(Try it): Check each line of the data below for the word "sequences", then extract the ones that have it.

(Task input):
(* Let $z>0$ be an integer and $$\theta=-\log\frac{2q+h^{z/2}}{1+h^{z/2}}.$$ There exist $u_0>0$, $c_1>0$, $c_2>0$ such that for all $u\ge u_0$ and all $n\ge u^2$, $$c_1e^{-\theta u}\le\mathbf P(\Xi(\{0,z\},n)\ge u)\le\mathbf P(\Xi(\{0,z\},\infty)\ge u)\le c_2e^{-\theta u}.$$
   Context: Let $0<q<p<1$ with $p+q=1$ and $h=q/p$. Let $X_1,X_2,\dots$ be i.i.d. with $\mathbf P(X_1=1)=p$, $\mathbf P(X_1=-1)=q$, $S_0=0$, $S_n=X_1+\dots+X_n$. For $x\in\mathbb Z$, $n\ge1$, $\xi(x,n)=\#\{k:0<k\le n,\ S_k=x\}$, $\xi(x,\infty)=\lim_n\xi(x,n)$, and for $A\subset\mathbb Z$, $\Xi(A,n)=\sum_{x\in A}\xi(x,n)$ (also for $n=\infty$). *)

theory Defs
  imports "HOL-Probability.Probability"
begin

text \<open>Steps are X 1, X 2, ... (X 0 is unused). Partial sums S_n = X_1 + ... + X_n.\<close>
definition walkS :: "(nat \<Rightarrow> 'a \<Rightarrow> int) \<Rightarrow> nat \<Rightarrow> 'a \<Rightarrow> int" where
  "walkS X n \<omega> = (\<Sum>k\<in>{1..n}. X k \<omega>)"

definition xi :: "(nat \<Rightarrow> 'a \<Rightarrow> int) \<Rightarrow> int \<Rightarrow> nat \<Rightarrow> 'a \<Rightarrow> nat" where
  "xi X x n \<omega> = card {k. 0 < k \<and> k \<le> n \<and> walkS X k \<omega> = x}"

definition xi_inf :: "(nat \<Rightarrow> 'a \<Rightarrow> int) \<Rightarrow> int \<Rightarrow> 'a \<Rightarrow> enat" where
  "xi_inf X x \<omega> = (SUP n. enat (xi X x n \<omega>))"

definition Xi :: "(nat \<Rightarrow> 'a \<Rightarrow> int) \<Rightarrow> int set \<Rightarrow> nat \<Rightarrow> 'a \<Rightarrow> nat" where
  "Xi X A n \<omega> = (\<Sum>x\<in>A. xi X x n \<omega>)"

definition Xi_inf :: "(nat \<Rightarrow> 'a \<Rightarrow> int) \<Rightarrow> int set \<Rightarrow> 'a \<Rightarrow> enat" where
  "Xi_inf X A \<omega> = (\<Sum>x\<in>A. xi_inf X x \<omega>)"

end

theory Submission
  imports Defs
begin

text \<open>With \<open>r = sqrt (q/p)\<close>, the functions \<open>1\<close> and \<open>r^(2x) = h^x\<close> are harmonic for the walk, and the
  combination \<open>G\<close> that equals \<open>1\<close> on \<open>(-\<infinity>, 0]\<close>, \<open>(r^z + r^(2x)) / (1 + r^z)\<close> on \<open>[0, z]\<close> and \<open>r^(2x) / r^z\<close>
  on \<open>[z, \<infinity>)\<close> is harmonic off \<open>{0, z}\<close> and satisfies \<open>p G(x+1) + q G(x-1) = \<lambda> G(x)\<close> at both \<open>0\<close>
  and \<open>z\<close>, where \<open>\<lambda> = (2q + r^z) / (1 + r^z) = exp (-\<theta>)\<close>. Hence \<open>G(S_n) / \<lambda>^V_n\<close>, with \<open>V_n\<close> the number of
  visits to \<open>{0, z}\<close> and the current visit not yet counted, is a martingale. Stopped at the \<open>m\<close>-th
  visit it has mean \<open>\<lambda>\<close>; since \<open>r^z \<le> G \<le> 1\<close> on \<open>{0, z}\<close> this gives \<open>P(V_n \<ge> m) \<le> \<lambda>^m / r^z\<close>, and
  since \<open>G(x) \<le> r^x / r^z\<close> and \<open>E r^S_n = (2 sqrt (p q))^n\<close> it also gives
  \<open>\<lambda>^(m+1) \<le> \<lambda> P(V_n \<ge> m) + (2 sqrt (p q))^n / r^z\<close>, where the last term is negligible once \<open>n \<ge> u^2\<close>.
  All expectations are finite sums over the \<open>2^n\<close> step sequences.\<close>

section \<open>Weighted sums over step sequences\<close>

text \<open>Paths are step lists with the most recent step first, so \<open>sum_list\<close> of a list is the
  current position and its tails are the earlier paths.\<close>

definition pm_lists :: "nat \<Rightarrow> int list set" where
  "pm_lists n = {xs. set xs \<subseteq> {-1, 1} \<and> length xs = n}"

definition path_weight :: "real \<Rightarrow> real \<Rightarrow> int list \<Rightarrow> real" where
  "path_weight p q xs = (\<Prod>e\<leftarrow>xs. if e = 1 then p else q)"

lemma finite_pm_lists: "finite (pm_lists n)"
  unfolding pm_lists_def by (rule finite_lists_length_eq) simp

lemma pm_lists_0: "pm_lists 0 = {[]}"
  by (auto simp: pm_lists_def)

lemma path_weight_Nil [simp]: "path_weight p q [] = 1"
  and path_weight_Cons [simp]: "path_weight p q (e # xs) = (if e = 1 then p else q) * path_weight p q xs"
  by (simp_all add: path_weight_def)

lemma path_weight_nonneg: "0 \<le> p \<Longrightarrow> 0 \<le> q \<Longrightarrow> 0 \<le> path_weight p q xs"
  by (induction xs) auto

lemma sum_pm_lists_Suc:
  "(\<Sum>xs\<in>pm_lists (Suc n). f xs) = (\<Sum>xs\<in>pm_lists n. f (1 # xs) + f ((-1) # xs))"
proof -
  have "(\<Sum>xs\<in>pm_lists (Suc n). f xs) = (\<Sum>(xs, e)\<in>pm_lists n \<times> {-1, 1}. f (e # xs))"
    unfolding pm_lists_def lists_length_Suc_eq
    by (subst sum.reindex) (auto simp: inj_split_Cons case_prod_beta)
  also have "\<dots> = (\<Sum>xs\<in>pm_lists n. f (1 # xs) + f ((-1) # xs))"
    by (subst sum.cartesian_product[symmetric]) (simp add: add.commute)
  finally show ?thesis .
qed

lemma sum_path_weight_Suc:
  "(\<Sum>xs\<in>pm_lists (Suc n). path_weight p q xs * f xs)
     = (\<Sum>xs\<in>pm_lists n. path_weight p q xs * (p * f (1 # xs) + q * f ((-1) # xs)))"
  unfolding sum_pm_lists_Suc by (intro sum.cong refl) (simp add: algebra_simps)

lemma sum_path_weight_martingale:
  assumes "\<And>xs. p * f (1 # xs) + q * f ((-1) # xs) = f xs"
  shows "(\<Sum>xs\<in>pm_lists n. path_weight p q xs * f xs) = f []"
  by (induction n) (simp_all add: pm_lists_0 sum_path_weight_Suc assms)

lemma sum_path_weight_power_int:
  assumes "r \<noteq> 0"
  shows "(\<Sum>xs\<in>pm_lists n. path_weight p q xs * r powi sum_list xs) = (p * r + q / r) ^ n"
proof (induction n)
  case (Suc n)
  have step: "p * r powi sum_list (1 # xs) + q * r powi sum_list ((-1) # xs)
      = (p * r + q / r) * r powi sum_list xs" for xs
    using assms by (simp add: power_int_add power_int_diff field_simps)
  show ?case
    unfolding sum_path_weight_Suc step
    by (simp add: mult.left_commute[of _ "p * r + q / r"] sum_distrib_left[symmetric] Suc)
qed (simp add: pm_lists_0)

fun visits :: "int set \<Rightarrow> int list \<Rightarrow> nat" where
  "visits A [] = 0"
| "visits A (e # xs) = visits A xs + (if sum_list (e # xs) \<in> A then 1 else 0)"

text \<open>\<open>stopped D f\<close> freezes \<open>f\<close> at the earliest time the path satisfies \<open>D\<close>.\<close>

fun stopped :: "('a list \<Rightarrow> bool) \<Rightarrow> ('a list \<Rightarrow> 'b) \<Rightarrow> 'a list \<Rightarrow> 'b" where
  "stopped D f [] = f []"
| "stopped D f (e # xs) = (if D xs then stopped D f xs else f (e # xs))"

lemma stopped_before:
  assumes "\<And>e xs. D xs \<Longrightarrow> D (e # xs)" and "\<not> D xs"
  shows "stopped D f xs = f xs"
  using assms by (cases xs) auto

lemma stopped_after:
  assumes "D xs"
  shows "\<exists>ys. D ys \<and> (ys = [] \<or> \<not> D (tl ys)) \<and> stopped D f xs = f ys"
  using assms by (induction xs) auto

lemma stopped_martingale:
  fixes f :: "int list \<Rightarrow> real"
  assumes "\<And>e xs. D xs \<Longrightarrow> D (e # xs)" and "p + q = 1"
    and "\<And>xs. p * f (1 # xs) + q * f ((-1) # xs) = f xs"
  shows "p * stopped D f (1 # xs) + q * stopped D f ((-1) # xs) = stopped D f xs"
proof (cases "D xs")
  case True
  then show ?thesis using assms(2) by (simp flip: distrib_right)
next
  case False
  then show ?thesis using assms(3) stopped_before[OF assms(1) False, of f] by simp
qed

lemma visits_first_reach:
  assumes "m \<le> visits A ys" and "ys = [] \<or> \<not> m \<le> visits A (tl ys)"
  shows "visits A ys = m \<and> (ys = [] \<or> sum_list ys \<in> A)"
  using assms by (cases ys) (auto split: if_splits)

section \<open>A potential for visits to two points\<close>

locale two_point_potential =
  fixes p q r :: real and z :: nat
  assumes p_pos: "0 < p" and p_plus_q: "p + q = 1" and p_r_sq: "p * r\<^sup>2 = q"
    and r_pos: "0 < r" and r_less_1: "r < 1" and z_pos: "0 < z"
begin

definition lam :: real where
  "lam = (2 * q + r ^ z) / (1 + r ^ z)"

definition potential :: "int \<Rightarrow> real" where
  "potential x = (if x \<le> 0 then 1
     else if x \<le> int z then (r ^ z + r powi (2 * x)) / (1 + r ^ z)
     else r powi (2 * x) / r ^ z)"

lemma q_pos: "0 < q"
  using p_pos r_pos p_r_sq by (metis mult_pos_pos zero_less_power)

lemma twice_q_less_1: "2 * q < 1"
proof -
  have "r\<^sup>2 < 1" using r_pos r_less_1 by (simp add: power_less_one_iff)
  then have "q < p" using p_pos p_r_sq by (metis mult.right_neutral mult_strict_left_mono)
  then show ?thesis using p_plus_q by linarith
qed

lemma lam_pos: "0 < lam"
  using q_pos r_pos unfolding lam_def by (simp add: add_pos_pos)

lemma lam_less_1: "lam < 1"
  using twice_q_less_1 r_pos unfolding lam_def by (simp add: add_pos_pos)

lemma step_mgf_bounds: "0 < p * r + q / r" "p * r + q / r < 1"
proof -
  have "(2 * p * r)\<^sup>2 < 1\<^sup>2"
  proof -
    have "q \<noteq> p" using twice_q_less_1 p_plus_q by linarith
    then have "0 < (p - q)\<^sup>2" by simp
    moreover have "(p + q)\<^sup>2 = 4 * p * q + (p - q)\<^sup>2" by (simp add: power2_eq_square algebra_simps)
    moreover have "(2 * p * r)\<^sup>2 = 4 * p * q" using p_r_sq by (simp add: power2_eq_square algebra_simps)
    ultimately show ?thesis using p_plus_q by (simp only: power_one)
  qed
  then have "2 * p * r < 1" by (rule power_less_imp_less_base) simp
  moreover have "q / r = p * r" using p_r_sq r_pos by (simp add: field_simps power2_eq_square)
  ultimately show "0 < p * r + q / r" "p * r + q / r < 1" using p_pos r_pos by simp_all
qed

lemma potential_nonpos: "x \<le> 0 \<Longrightarrow> potential x = 1"
  by (simp add: potential_def)

lemma potential_middle:
  assumes "0 \<le> x" "x \<le> int z"
  shows "potential x = (r ^ z + r powi (2 * x)) / (1 + r ^ z)"
proof -
  have "0 < 1 + r ^ z" using r_pos by (intro add_pos_pos) auto
  then show ?thesis using assms by (auto simp: potential_def)
qed

lemma potential_right:
  assumes "int z \<le> x"
  shows "potential x = r powi (2 * x) / r ^ z"
proof (cases "x = int z")
  case True
  define s where "s = r ^ z"
  have "r powi (2 * int z) = s * s"
    by (simp add: s_def power_int_mult power2_eq_square power_mult_distrib)
  moreover have "0 < s" using r_pos by (simp add: s_def)
  ultimately have "potential x = (s + s * s) / (1 + s)" "r powi (2 * x) / r ^ z = s"
    using True z_pos by (simp_all add: potential_def s_def[symmetric])
  moreover have "(s + s * s) / (1 + s) = s"
    using \<open>0 < s\<close> by (simp add: field_simps)
  ultimately show ?thesis by simp
qed (use assms z_pos in \<open>auto simp: potential_def\<close>)

lemma power_int_harmonic: "p * r powi (2 * x + 2) + q * r powi (2 * x - 2) = r powi (2 * x)"
proof -
  have "q / r\<^sup>2 = p"
    using p_r_sq r_pos by (auto simp: field_simps)
  then have "p * r\<^sup>2 + q / r\<^sup>2 = 1"
    using p_plus_q p_r_sq by linarith
  moreover have "r powi (2 * x + 2) = r powi (2 * x) * r\<^sup>2" "r powi (2 * x - 2) = r powi (2 * x) / r\<^sup>2"
    using r_pos by (simp_all add: power_int_add power_int_diff)
  then have "p * r powi (2 * x + 2) + q * r powi (2 * x - 2) = r powi (2 * x) * (p * r\<^sup>2 + q / r\<^sup>2)"
    by (simp add: algebra_simps)
  ultimately show ?thesis by simp
qed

(Answer below):
  All expectations are finite sums over the \<open>2^n\<close> step sequences.\<close>
section \<open>Weighted sums over step sequences\<close>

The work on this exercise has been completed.